Records supplied —
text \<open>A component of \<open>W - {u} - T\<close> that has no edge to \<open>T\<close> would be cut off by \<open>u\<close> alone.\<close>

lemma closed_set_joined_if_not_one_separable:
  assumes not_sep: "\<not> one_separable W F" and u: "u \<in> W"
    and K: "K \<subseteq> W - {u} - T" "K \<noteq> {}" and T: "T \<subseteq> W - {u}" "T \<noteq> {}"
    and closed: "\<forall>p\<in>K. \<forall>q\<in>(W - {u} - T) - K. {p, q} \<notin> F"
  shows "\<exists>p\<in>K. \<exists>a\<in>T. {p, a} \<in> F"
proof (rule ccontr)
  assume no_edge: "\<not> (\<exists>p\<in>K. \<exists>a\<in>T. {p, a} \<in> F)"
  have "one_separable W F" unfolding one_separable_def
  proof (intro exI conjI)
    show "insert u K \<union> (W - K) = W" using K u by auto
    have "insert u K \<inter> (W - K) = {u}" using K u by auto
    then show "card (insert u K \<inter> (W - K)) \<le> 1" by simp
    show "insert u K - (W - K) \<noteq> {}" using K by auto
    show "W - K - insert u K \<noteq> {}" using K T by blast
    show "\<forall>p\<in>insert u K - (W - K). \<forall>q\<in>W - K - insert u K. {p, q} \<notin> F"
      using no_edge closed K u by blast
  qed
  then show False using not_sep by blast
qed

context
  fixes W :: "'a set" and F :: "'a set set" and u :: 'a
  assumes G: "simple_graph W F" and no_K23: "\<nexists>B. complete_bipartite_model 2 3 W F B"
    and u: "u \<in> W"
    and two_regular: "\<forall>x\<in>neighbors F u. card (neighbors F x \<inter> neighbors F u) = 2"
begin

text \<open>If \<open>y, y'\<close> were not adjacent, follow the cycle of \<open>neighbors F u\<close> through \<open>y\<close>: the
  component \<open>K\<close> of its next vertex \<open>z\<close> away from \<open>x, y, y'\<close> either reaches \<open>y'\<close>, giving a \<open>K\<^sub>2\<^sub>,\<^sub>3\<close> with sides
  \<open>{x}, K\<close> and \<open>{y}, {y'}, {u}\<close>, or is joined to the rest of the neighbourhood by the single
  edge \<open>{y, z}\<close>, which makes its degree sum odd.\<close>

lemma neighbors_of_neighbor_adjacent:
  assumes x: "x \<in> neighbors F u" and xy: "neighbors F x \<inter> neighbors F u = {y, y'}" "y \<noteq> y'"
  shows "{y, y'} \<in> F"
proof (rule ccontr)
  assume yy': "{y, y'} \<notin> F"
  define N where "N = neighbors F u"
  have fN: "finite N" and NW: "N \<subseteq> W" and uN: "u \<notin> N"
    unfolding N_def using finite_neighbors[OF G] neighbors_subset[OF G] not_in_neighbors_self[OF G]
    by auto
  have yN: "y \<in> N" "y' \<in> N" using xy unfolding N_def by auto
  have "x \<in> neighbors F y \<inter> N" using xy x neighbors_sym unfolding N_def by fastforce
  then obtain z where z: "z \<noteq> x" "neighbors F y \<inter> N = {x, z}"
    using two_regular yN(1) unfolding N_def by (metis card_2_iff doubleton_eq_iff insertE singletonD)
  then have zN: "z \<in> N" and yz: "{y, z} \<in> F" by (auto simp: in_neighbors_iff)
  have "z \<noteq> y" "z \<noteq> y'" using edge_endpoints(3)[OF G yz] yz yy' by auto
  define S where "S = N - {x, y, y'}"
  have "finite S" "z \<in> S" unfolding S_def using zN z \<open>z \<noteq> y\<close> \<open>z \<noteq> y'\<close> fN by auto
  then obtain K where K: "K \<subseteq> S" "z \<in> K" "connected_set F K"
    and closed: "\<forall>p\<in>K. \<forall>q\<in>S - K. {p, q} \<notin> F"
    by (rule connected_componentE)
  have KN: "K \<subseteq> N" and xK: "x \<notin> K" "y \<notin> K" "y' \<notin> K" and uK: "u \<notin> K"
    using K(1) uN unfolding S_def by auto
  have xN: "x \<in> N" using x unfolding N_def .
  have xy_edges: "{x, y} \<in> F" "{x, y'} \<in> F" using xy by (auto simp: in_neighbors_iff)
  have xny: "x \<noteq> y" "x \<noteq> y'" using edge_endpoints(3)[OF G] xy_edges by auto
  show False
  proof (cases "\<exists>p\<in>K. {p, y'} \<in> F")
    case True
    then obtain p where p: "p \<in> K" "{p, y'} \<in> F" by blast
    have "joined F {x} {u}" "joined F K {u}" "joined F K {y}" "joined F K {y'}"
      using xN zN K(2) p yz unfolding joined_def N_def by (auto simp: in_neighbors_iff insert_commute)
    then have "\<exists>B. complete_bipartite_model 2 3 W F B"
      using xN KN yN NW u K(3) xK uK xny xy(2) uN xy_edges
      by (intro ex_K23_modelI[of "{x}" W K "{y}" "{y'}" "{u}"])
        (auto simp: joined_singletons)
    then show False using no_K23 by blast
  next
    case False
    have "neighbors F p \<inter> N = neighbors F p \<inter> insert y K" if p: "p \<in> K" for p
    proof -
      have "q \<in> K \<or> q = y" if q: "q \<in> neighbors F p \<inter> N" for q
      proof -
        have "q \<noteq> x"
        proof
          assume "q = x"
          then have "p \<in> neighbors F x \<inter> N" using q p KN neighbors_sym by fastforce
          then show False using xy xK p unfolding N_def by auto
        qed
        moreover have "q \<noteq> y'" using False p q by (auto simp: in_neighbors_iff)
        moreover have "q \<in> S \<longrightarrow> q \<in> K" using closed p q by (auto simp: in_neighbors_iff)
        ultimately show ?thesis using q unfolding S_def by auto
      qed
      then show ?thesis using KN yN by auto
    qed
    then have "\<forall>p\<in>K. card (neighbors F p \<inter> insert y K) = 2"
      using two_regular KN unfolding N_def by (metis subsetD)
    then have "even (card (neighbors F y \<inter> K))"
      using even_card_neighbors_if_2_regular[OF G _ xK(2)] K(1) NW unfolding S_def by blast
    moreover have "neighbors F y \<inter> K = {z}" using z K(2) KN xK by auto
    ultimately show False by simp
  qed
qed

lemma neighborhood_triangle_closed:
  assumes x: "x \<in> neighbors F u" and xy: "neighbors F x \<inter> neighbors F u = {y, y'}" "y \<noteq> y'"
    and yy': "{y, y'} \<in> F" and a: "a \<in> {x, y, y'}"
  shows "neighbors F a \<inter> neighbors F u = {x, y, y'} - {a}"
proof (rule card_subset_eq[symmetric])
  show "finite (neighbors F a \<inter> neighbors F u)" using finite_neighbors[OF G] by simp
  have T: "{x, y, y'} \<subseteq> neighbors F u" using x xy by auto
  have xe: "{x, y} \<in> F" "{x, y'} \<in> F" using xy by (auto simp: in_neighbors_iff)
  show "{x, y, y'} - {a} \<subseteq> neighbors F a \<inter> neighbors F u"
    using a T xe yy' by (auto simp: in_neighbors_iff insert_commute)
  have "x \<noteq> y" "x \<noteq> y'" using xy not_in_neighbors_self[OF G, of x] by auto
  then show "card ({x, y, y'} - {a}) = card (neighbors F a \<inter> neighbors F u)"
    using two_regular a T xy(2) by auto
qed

Your instructions — Using the records, find the number of lines in which the string "forall" occurs. Reply with that number alone.

Output — 5